• _What to do_
The entries below should be copied exactly and completely.

*** Data records ***

section \<open>The tree of a term with increasing leaves\<close>

abbreviation leaves_increasing :: "bterm \<Rightarrow> bool" where
  "leaves_increasing s \<equiv> sorted_wrt (<) (leaves s)"

lemma Bn_leaves_increasing: "t \<in> Bn n \<Longrightarrow> leaves_increasing t"
  using sorted_wrt_upt[of 1 "Suc n"] by (simp add: Bn_def)

lemma Bn_same_leaves: "t \<in> Bn n \<Longrightarrow> t' \<in> Bn n \<Longrightarrow> leaves t = leaves t'"
  by (simp add: Bn_def)

lemma lm_in_leaves: "lm s \<in> set (leaves s)"
  by (induction s) auto

lemma leaves_not_Nil: "leaves s \<noteq> []"
  by (induction s) auto

lemma hd_leaves: "hd (leaves s) = lm s"
  by (induction s) (auto simp: leaves_not_Nil)

lemma lm_le_leaf: "leaves_increasing s \<Longrightarrow> y \<in> set (leaves s) \<Longrightarrow> lm s \<le> y"
proof (induction s)
  case (App l r)
  then show ?case using lm_in_leaves[of l] by (force simp: sorted_wrt_append)
qed auto

lemma tedges_in_leaves: "(a, b) \<in> tedges s \<Longrightarrow> a \<in> set (leaves s) \<and> b \<in> set (leaves s)"
  by (induction s) (auto simp: lm_in_leaves)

*** End of Data records ***

• _Task result_
section \<open>The tree of a term with increasing leaves\<close>

abbreviation leaves_increasing :: "bterm \<Rightarrow> bool" where
  "leaves_increasing s \<equiv> sorted_wrt (<) (leaves s)"

lemma Bn_leaves_increasing: "t \<in> Bn n \<Longrightarrow> leaves_increasing t"
  using sorted_wrt_upt[of 1 "Suc n"] by (simp add: Bn_def)

lemma Bn_same_leaves: "t \<in> Bn n \<Longrightarrow> t' \<in> Bn n \<Longrightarrow> leaves t = leaves t'"
  by (simp add: Bn_def)

lemma lm_in_leaves: "lm s \<in> set (leaves s)"
  by (induction s) auto

lemma leaves_not_Nil: "leaves s \<noteq> []"
  by (induction s) auto

lemma hd_leaves: "hd (leaves s) = lm s"
  by (induction s) (auto simp: leaves_not_Nil)

lemma lm_le_leaf: "leaves_increasing s \<Longrightarrow> y \<in> set (leaves s) \<Longrightarrow> lm s \<le> y"
proof (induction s)
  case (App l r)
  then show ?case using lm_in_leaves[of l] by (force simp: sorted_wrt_append)
qed auto

lemma tedges_in_leaves: "(a, b) \<in> tedges s \<Longrightarrow> a \<in> set (leaves s) \<and> b \<in> set (leaves s)"
  by (induction s) (auto simp: lm_in_leaves)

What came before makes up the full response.